== Supplied information
(* Consider the scalar system $\dot x=u+ax^2$, where $x,u\in\mathbb{R}$ and $a$ is an unknown constant. Let $\lambda>0$, $k>0$, $\gamma_a>0$, $\mu(t)=e^{\lambda t}$ and $s=\mu(t)x$. Apply the controller $$u=-(k+\lambda)x-\hat a x^2,\qquad \dot{\hat a}=\gamma_a\,\mu\, s\, x^2.$$ Then, for all initial conditions $x(0)$ and $\hat a(0)$: 1. $V=\tfrac12 s^2+\tfrac1{2\gamma_a}(a-\hat a)^2$ satisfies $\dot V=-ks^2$. 2. $s$, $\hat a$, $x$ and $u$ are bounded, and $|x(t)|\le C e^{-\lambda t}$ for some constant $C$ depending on the initial conditions. 3. $\lim_{t\to\infty}\hat a(t)$ exists. *)

theory Defs
  imports Complex_Main
begin

definition mu :: "real \<Rightarrow> real \<Rightarrow> real" where
  "mu lam t = exp (lam * t)"

definition ctrl :: "real \<Rightarrow> real \<Rightarrow> real \<Rightarrow> real \<Rightarrow> real" where
  "ctrl k lam xv ahv = - (k + lam) * xv - ahv * xv ^ 2"

definition closed_loop_solution ::
  "real \<Rightarrow> real \<Rightarrow> real \<Rightarrow> real \<Rightarrow> (real \<Rightarrow> real) \<Rightarrow> (real \<Rightarrow> real) \<Rightarrow> bool" where
  "closed_loop_solution a lam k gam x ah \<longleftrightarrow>
     (\<forall>t\<ge>0. (x has_real_derivative (ctrl k lam (x t) (ah t) + a * (x t)^2)) (at t within {0..})) \<and>
     (\<forall>t\<ge>0. (ah has_real_derivative
                 (gam * mu lam t * (mu lam t * x t) * (x t)^2)) (at t within {0..}))"

end

theory Submission
  imports Defs
begin

text \<open>
  Along closed-loop solutions the Lyapunov function V = s^2/2 + (a - ah)^2/(2 gam) of the
  scaled state s = exp(lam t) x and the estimation error has derivative -k s^2, because the
  adaptation law exactly cancels the cross term (a - ah) mu s x^2. Hence V never exceeds its
  initial value, which bounds s and ah, and therefore x = exp(-lam t) s and u. Finally the
  adaptation rate gam mu^2 x^3 = gam s^3 exp(-lam t) is bounded by an integrable exponential,
  so ah plus the tail of that integral is nonincreasing and bounded below, and ah converges.
\<close>

lemma deriv_nonpos_imp_antitone_nonneg:
  fixes f f' :: "real \<Rightarrow> real"
  assumes deriv: "\<And>t. t \<ge> 0 \<Longrightarrow> (f has_real_derivative f' t) (at t within {0..})"
    and nonpos: "\<And>t. t \<ge> 0 \<Longrightarrow> f' t \<le> 0"
    and "0 \<le> t1" "t1 \<le> t2"
  shows "f t2 \<le> f t1"
proof (rule DERIV_nonpos_imp_decreasing_open[OF \<open>t1 \<le> t2\<close>])
  fix y assume y: "t1 < y" "y < t2"
  then have "y \<in> {0<..}"
    using \<open>0 \<le> t1\<close> by simp
  have "(f has_real_derivative f' y) (at y within {0<..})"
    using deriv[of y] y \<open>0 \<le> t1\<close> by (auto intro: has_field_derivative_subset)
  then have "DERIV f y :> f' y"
    by (simp only: at_within_open[OF \<open>y \<in> {0<..}\<close> open_greaterThan])
  then show "\<exists>z. DERIV f y :> z \<and> z \<le> 0"
    using nonpos[of y] y \<open>0 \<le> t1\<close> by auto
next
  have "continuous_on {0..} f"
    using deriv by (metis DERIV_continuous atLeast_iff continuous_on_eq_continuous_within)
  then show "continuous_on {t1..t2} f"
    by (rule continuous_on_subset) (use \<open>0 \<le> t1\<close> in auto)
qed

lemma antitone_bdd_below_tendsto_Inf:
  fixes f :: "real \<Rightarrow> real"
  assumes antitone: "\<And>s t. 0 \<le> s \<Longrightarrow> s \<le> t \<Longrightarrow> f t \<le> f s"
    and bdd: "\<And>t. 0 \<le> t \<Longrightarrow> m \<le> f t"
  shows "(f \<longlongrightarrow> Inf (f ` {0..})) at_top"
proof (rule decreasing_tendsto)
  have "bdd_below (f ` {0..})"
    using bdd by (intro bdd_belowI[of _ m]) auto
  then show "\<forall>\<^sub>F t in at_top. Inf (f ` {0..}) \<le> f t"
    by (intro eventually_mono[OF eventually_ge_at_top[of 0]]) (auto intro: cInf_lower)
next
  fix y assume "Inf (f ` {0..}) < y"
  then obtain t0 where "t0 \<ge> 0" "f t0 < y"
    using cInf_lessD[of "f ` {0..}"] by auto
  then show "\<forall>\<^sub>F t in at_top. f t < y"
    by (intro eventually_mono[OF eventually_ge_at_top[of t0]]) (use antitone in force)
qed

lemma tendsto_exp_neg_at_top:
  fixes lam :: real
  assumes "lam > 0"
  shows "((\<lambda>t. exp (- lam * t)) \<longlongrightarrow> 0) at_top"
proof -
  have "filterlim (\<lambda>t. - lam * t) at_bot at_top"
    using assms by (intro filterlim_tendsto_neg_mult_at_bot[OF tendsto_const])
      (auto simp: filterlim_ident)
  then show ?thesis
    by (rule filterlim_compose[OF exp_at_bot])
qed

lemma convergent_if_deriv_le_exp_decay:
  fixes f f' :: "real \<Rightarrow> real"
  assumes "lam > 0"
    and deriv: "\<And>t. t \<ge> 0 \<Longrightarrow> (f has_real_derivative f' t) (at t within {0..})"
    and rate: "\<And>t. t \<ge> 0 \<Longrightarrow> f' t \<le> M * exp (- lam * t)"
    and bdd: "\<And>t. t \<ge> 0 \<Longrightarrow> m \<le> f t"
  shows "\<exists>L. (f \<longlongrightarrow> L) at_top"
proof -
  \<comment> \<open>Adding the tail (M/lam) exp(-lam t) of the integral of the bound makes f nonincreasing.\<close>
  define g where "g t = f t + M / lam * exp (- lam * t)" for t
  have "(g has_real_derivative f' t - M * exp (- lam * t)) (at t within {0..})"
    if "t \<ge> 0" for t
    unfolding g_def[abs_def]
    by (rule derivative_eq_intros deriv[OF that] refl | use \<open>lam > 0\<close> in simp)+
  then have antitone: "g t \<le> g s" if "0 \<le> s" "s \<le> t" for s t
    by (rule deriv_nonpos_imp_antitone_nonneg[OF _ _ that]) (use rate in auto)
  have lower: "m - \<bar>M / lam\<bar> \<le> g t" if "t \<ge> 0" for t
  proof -
    have "exp (- lam * t) \<le> 1"
      using \<open>lam > 0\<close> that by simp
    then have "\<bar>M / lam * exp (- lam * t)\<bar> \<le> \<bar>M / lam\<bar>"
      unfolding abs_mult by (intro mult_left_le) auto
    then show ?thesis
      unfolding g_def using bdd[OF that] by linarith
  qed
  have "(g \<longlongrightarrow> Inf (g ` {0..})) at_top"
    using antitone lower by (rule antitone_bdd_below_tendsto_Inf)
  then have "((\<lambda>t. g t - M / lam * exp (- lam * t)) \<longlongrightarrow> Inf (g ` {0..}) - M / lam * 0) at_top"
    by (intro tendsto_intros tendsto_exp_neg_at_top \<open>lam > 0\<close>)
  then show ?thesis
    unfolding g_def by auto
qed

lemma abs_le_exp_decay_if_scaled_bounded:
  assumes "\<bar>mu lam t * xv\<bar> \<le> S"
  shows "\<bar>xv\<bar> \<le> S * exp (- lam * t)"
proof -
  have "\<bar>xv\<bar> = \<bar>mu lam t * xv\<bar> * exp (- lam * t)"
    unfolding mu_def by (simp add: abs_mult exp_minus)
  then show ?thesis
    using assms by (simp add: mult_right_mono)
qed

lemma abs_ctrl_le:
  assumes "k + lam \<ge> 0" and "\<bar>xv\<bar> \<le> B" and "\<bar>ahv\<bar> \<le> A"
  shows "\<bar>ctrl k lam xv ahv\<bar> \<le> (k + lam) * B + A * B^2"
proof -
  have "\<bar>ctrl k lam xv ahv\<bar> \<le> \<bar>(k + lam) * xv\<bar> + \<bar>ahv * xv^2\<bar>"
    unfolding ctrl_def by (metis abs_triangle_ineq4 abs_minus_cancel minus_mult_left)
  also have "\<dots> = (k + lam) * \<bar>xv\<bar> + \<bar>ahv\<bar> * xv^2"
    using assms(1) by (simp add: abs_mult)
  also have "\<dots> \<le> (k + lam) * B + A * B^2"
  proof (rule add_mono)
    show "(k + lam) * \<bar>xv\<bar> \<le> (k + lam) * B"
      using assms by (simp add: mult_left_mono)
    have "xv^2 \<le> B^2"
      using assms(2) abs_le_square_iff by fastforce
    then show "\<bar>ahv\<bar> * xv^2 \<le> A * B^2"
      using assms(3) by (simp add: mult_mono)
  qed
  finally show ?thesis .
qed

lemma adaptation_rate_le:
  assumes "gam \<ge> 0" and "\<bar>mu lam t * xv\<bar> \<le> S"
  shows "gam * mu lam t * (mu lam t * xv) * xv^2 \<le> gam * S^3 * exp (- lam * t)"
proof -
  have "(mu lam t * xv)^3 \<le> S^3"
    using assms(2) by (metis abs_ge_self abs_ge_zero order_trans power_abs power_mono)
  have "gam * mu lam t * (mu lam t * xv) * xv^2 = gam * (mu lam t * xv)^3 * exp (- lam * t)"
    unfolding mu_def by (simp add: exp_minus field_simps power3_eq_cube power2_eq_square)
  also have "\<dots> \<le> gam * S^3 * exp (- lam * t)"
    using \<open>(mu lam t * xv)^3 \<le> S^3\<close> assms(1) by (intro mult_right_mono mult_left_mono) auto
  finally show ?thesis .
qed

definition lyapunov ::
  "real \<Rightarrow> real \<Rightarrow> real \<Rightarrow> (real \<Rightarrow> real) \<Rightarrow> (real \<Rightarrow> real) \<Rightarrow> real \<Rightarrow> real" where
  "lyapunov a lam gam x ah t = (1/2) * (mu lam t * x t)^2 + (1 / (2 * gam)) * (a - ah t)^2"

lemma closed_loop_lyapunov_deriv:
  assumes sol: "closed_loop_solution a lam k gam x ah" and "gam \<noteq> 0" and "t \<ge> 0"
  shows "(lyapunov a lam gam x ah has_real_derivative - k * (mu lam t * x t)^2) (at t within {0..})"
proof -
  have "(x has_real_derivative ctrl k lam (x t) (ah t) + a * (x t)^2) (at t within {0..})"
    and "(ah has_real_derivative gam * mu lam t * (mu lam t * x t) * (x t)^2) (at t within {0..})"
    using sol \<open>t \<ge> 0\<close> unfolding closed_loop_solution_def by auto
  then show ?thesis
    unfolding lyapunov_def[abs_def] mu_def
    by (auto intro!: derivative_eq_intros simp: ctrl_def field_simps power2_eq_square \<open>gam \<noteq> 0\<close>)
qed

lemma closed_loop_lyapunov_le_initial:
  assumes "closed_loop_solution a lam k gam x ah" and "k \<ge> 0" and "gam \<noteq> 0" and "t \<ge> 0"
  shows "lyapunov a lam gam x ah t \<le> lyapunov a lam gam x ah 0"
  by (rule deriv_nonpos_imp_antitone_nonneg[OF closed_loop_lyapunov_deriv[OF assms(1,3)]])
    (use assms(2,4) in auto)

lemma closed_loop_scaled_state_bounded:
  assumes "closed_loop_solution a lam k gam x ah" and "k \<ge> 0" and "gam > 0" and "t \<ge> 0"
  shows "\<bar>mu lam t * x t\<bar> \<le> sqrt (2 * lyapunov a lam gam x ah 0)"
proof -
  have "0 \<le> (1 / (2 * gam)) * (a - ah t)^2"
    using \<open>gam > 0\<close> by simp
  then have "(mu lam t * x t)^2 \<le> 2 * lyapunov a lam gam x ah 0"
    using closed_loop_lyapunov_le_initial[of a lam k gam x ah t] assms
    unfolding lyapunov_def[of _ _ _ _ _ t] by linarith
  then show ?thesis
    using real_sqrt_le_mono by fastforce
qed

lemma closed_loop_estimation_error_bounded:
  assumes "closed_loop_solution a lam k gam x ah" and "k \<ge> 0" and "gam > 0" and "t \<ge> 0"
  shows "\<bar>a - ah t\<bar> \<le> sqrt (2 * gam * lyapunov a lam gam x ah 0)"
proof -
  have "0 \<le> (1/2) * (mu lam t * x t)^2"
    by simp
  then have "(1 / (2 * gam)) * (a - ah t)^2 \<le> lyapunov a lam gam x ah 0"
    using closed_loop_lyapunov_le_initial[of a lam k gam x ah t] assms
    unfolding lyapunov_def[of _ _ _ _ _ t] by linarith
  then have "(a - ah t)^2 \<le> 2 * gam * lyapunov a lam gam x ah 0"
    using \<open>gam > 0\<close> by (simp add: field_simps)
  then show ?thesis
    using real_sqrt_le_mono by fastforce
qed

lemma closed_loop_estimate_convergent:
  assumes sol: "closed_loop_solution a lam k gam x ah" and "lam > 0" and "k \<ge> 0" and "gam > 0"
  shows "\<exists>L. (ah \<longlongrightarrow> L) at_top"
proof -
  define S where "S = sqrt (2 * lyapunov a lam gam x ah 0)"
  have ah_deriv: "(ah has_real_derivative gam * mu lam t * (mu lam t * x t) * (x t)^2)
      (at t within {0..})" if "t \<ge> 0" for t
    using sol that unfolding closed_loop_solution_def by blast
  have ah_rate: "gam * mu lam t * (mu lam t * x t) * (x t)^2 \<le> gam * S^3 * exp (- lam * t)"
    if "t \<ge> 0" for t
    using adaptation_rate_le closed_loop_scaled_state_bounded[OF sol _ _ that] assms
    unfolding S_def by simp
  have ah_lower: "a - sqrt (2 * gam * lyapunov a lam gam x ah 0) \<le> ah t" if "t \<ge> 0" for t
    using closed_loop_estimation_error_bounded[OF sol _ _ that] assms by linarith
  show ?thesis
    using \<open>lam > 0\<close> ah_deriv ah_rate ah_lower by (rule convergent_if_deriv_le_exp_decay)
qed

theorem mainTheorem3:
  fixes a lam k gam :: real and x ah :: "real \<Rightarrow> real"
  assumes "lam > 0" and "k > 0" and "gam > 0"
    and "closed_loop_solution a lam k gam x ah"
  defines "s \<equiv> (\<lambda>t. mu lam t * x t)"
    and "u \<equiv> (\<lambda>t. ctrl k lam (x t) (ah t))"
    and "V \<equiv> (\<lambda>t. (1/2) * (mu lam t * x t)^2 + (1 / (2 * gam)) * (a - ah t)^2)"
  shows "(\<forall>t\<ge>0. (V has_real_derivative (- k * (s t)^2)) (at t within {0..}))
    \<and> (\<exists>B. \<forall>t\<ge>0. \<bar>s t\<bar> \<le> B)
    \<and> (\<exists>B. \<forall>t\<ge>0. \<bar>ah t\<bar> \<le> B)
    \<and> (\<exists>B. \<forall>t\<ge>0. \<bar>x t\<bar> \<le> B)
    \<and> (\<exists>B. \<forall>t\<ge>0. \<bar>u t\<bar> \<le> B)
    \<and> (\<exists>C. \<forall>t\<ge>0. \<bar>x t\<bar> \<le> C * exp (- lam * t))
    \<and> (\<exists>L. (ah \<longlongrightarrow> L) at_top)"
proof -
  note sol = assms(4)
  define S where "S = sqrt (2 * lyapunov a lam gam x ah 0)"
  define A where "A = \<bar>a\<bar> + sqrt (2 * gam * lyapunov a lam gam x ah 0)"
  have V_deriv: "\<forall>t\<ge>0. (V has_real_derivative - k * (s t)^2) (at t within {0..})"
    unfolding V_def s_def using closed_loop_lyapunov_deriv[OF sol] assms(3)
    by (simp add: lyapunov_def[abs_def])
  have s_bound: "\<bar>s t\<bar> \<le> S" if "t \<ge> 0" for t
    unfolding s_def S_def using closed_loop_scaled_state_bounded[OF sol _ _ that] assms by simp
  have ah_bound: "\<bar>ah t\<bar> \<le> A" if "t \<ge> 0" for t
    using closed_loop_estimation_error_bounded[OF sol _ _ that] assms unfolding A_def by simp
  have x_decay: "\<bar>x t\<bar> \<le> S * exp (- lam * t)" if "t \<ge> 0" for t
    using abs_le_exp_decay_if_scaled_bounded s_bound[OF that] unfolding s_def by blast
  have x_bound: "\<bar>x t\<bar> \<le> S" if "t \<ge> 0" for t
  proof -
    have "S * exp (- lam * t) \<le> S"
      using s_bound[OF that] \<open>lam > 0\<close> that by (intro mult_left_le) auto
    then show ?thesis
      using x_decay[OF that] by linarith
  qed
  have u_bound: "\<bar>u t\<bar> \<le> (k + lam) * S + A * S^2" if "t \<ge> 0" for t
    unfolding u_def using abs_ctrl_le x_bound[OF that] ah_bound[OF that] assms(1,2) by simp
  have ah_converges: "\<exists>L. (ah \<longlongrightarrow> L) at_top"
    using closed_loop_estimate_convergent[OF sol] assms(1-3) by simp
  show ?thesis
    using V_deriv s_bound ah_bound x_bound u_bound x_decay ah_converges by blast
qed

end
(* Suppose $n=3$. Then $x\sigma(x)+\sigma(x)\sigma^2(x)+\sigma^2(x)x=0$ and $N_\mathbb{K}(x+\sigma(x))=-N_\mathbb{K}(x)$.
   Context: Let $n=3$ and $p$ a prime with $p\equiv 1 \pmod 3$. Let $\zeta_p=e^{2\pi i/p}$, let $r$ be a primitive root modulo $p$, and let $\sigma$ be the automorphism of $\mathbb{Q}(\zeta_p)$ with $\sigma(\zeta_p)=\zeta_p^r$. Let $\mathbb{K}=\{y\in\mathbb{Q}(\zeta_p):\sigma^3(y)=y\}$, a cubic field. Let $\alpha=\prod_{j=0}^{(p-3)/2}(1-\zeta_p^{r^j})$, $\lambda$ an integer with $\lambda(r-1)\equiv1\pmod p$, $z=\zeta_p^{\lambda}\alpha(1-\zeta_p)$, $x=\mathrm{Tr}_{\mathbb{Q}(\zeta_p)/\mathbb{K}}(z)=\sum_{j=1}^{(p-1)/3}\sigma^{3j}(z)$. $N_\mathbb{K}$ is the norm from $\mathbb{K}$ to $\mathbb{Q}$. *)

theory Defs
  imports Complex_Main "HOL-Number_Theory.Number_Theory"
begin

definition zeta_pow :: "nat \<Rightarrow> int \<Rightarrow> complex" where
  "zeta_pow p k = cis (2 * pi * of_int k / of_nat p)"

text \<open>Image of z = zeta^lam * alpha * (1 - zeta) under the automorphism zeta -> zeta^a of Q(zeta_p),
  where alpha = prod_{j=0}^{(p-3)/2} (1 - zeta^(r^j)).  For a = r^k this is sigma^k(z).\<close>
definition z_conj :: "nat \<Rightarrow> nat \<Rightarrow> int \<Rightarrow> int \<Rightarrow> complex" where
  "z_conj p r lam a =
     zeta_pow p (lam * a)
     * (\<Prod>j\<in>{0..(p - 3) div 2}. (1 - zeta_pow p (a * int r ^ j)))
     * (1 - zeta_pow p a)"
====
**Task:** Please reproduce, exactly as they appear above, the lines from the line containing "ahv\<bar> \<le> (k" up to and including the line containing "unfolding mu_def by (simp add: exp_minus".

**Answer section:**
  shows "\<bar>ctrl k lam xv ahv\<bar> \<le> (k + lam) * B + A * B^2"
proof -
  have "\<bar>ctrl k lam xv ahv\<bar> \<le> \<bar>(k + lam) * xv\<bar> + \<bar>ahv * xv^2\<bar>"
    unfolding ctrl_def by (metis abs_triangle_ineq4 abs_minus_cancel minus_mult_left)
  also have "\<dots> = (k + lam) * \<bar>xv\<bar> + \<bar>ahv\<bar> * xv^2"
    using assms(1) by (simp add: abs_mult)
  also have "\<dots> \<le> (k + lam) * B + A * B^2"
  proof (rule add_mono)
    show "(k + lam) * \<bar>xv\<bar> \<le> (k + lam) * B"
      using assms by (simp add: mult_left_mono)
    have "xv^2 \<le> B^2"
      using assms(2) abs_le_square_iff by fastforce
    then show "\<bar>ahv\<bar> * xv^2 \<le> A * B^2"
      using assms(3) by (simp add: mult_mono)
  qed
  finally show ?thesis .
qed

lemma adaptation_rate_le:
  assumes "gam \<ge> 0" and "\<bar>mu lam t * xv\<bar> \<le> S"
  shows "gam * mu lam t * (mu lam t * xv) * xv^2 \<le> gam * S^3 * exp (- lam * t)"
proof -
  have "(mu lam t * xv)^3 \<le> S^3"
    using assms(2) by (metis abs_ge_self abs_ge_zero order_trans power_abs power_mono)
  have "gam * mu lam t * (mu lam t * xv) * xv^2 = gam * (mu lam t * xv)^3 * exp (- lam * t)"
    unfolding mu_def by (simp add: exp_minus field_simps power3_eq_cube power2_eq_square)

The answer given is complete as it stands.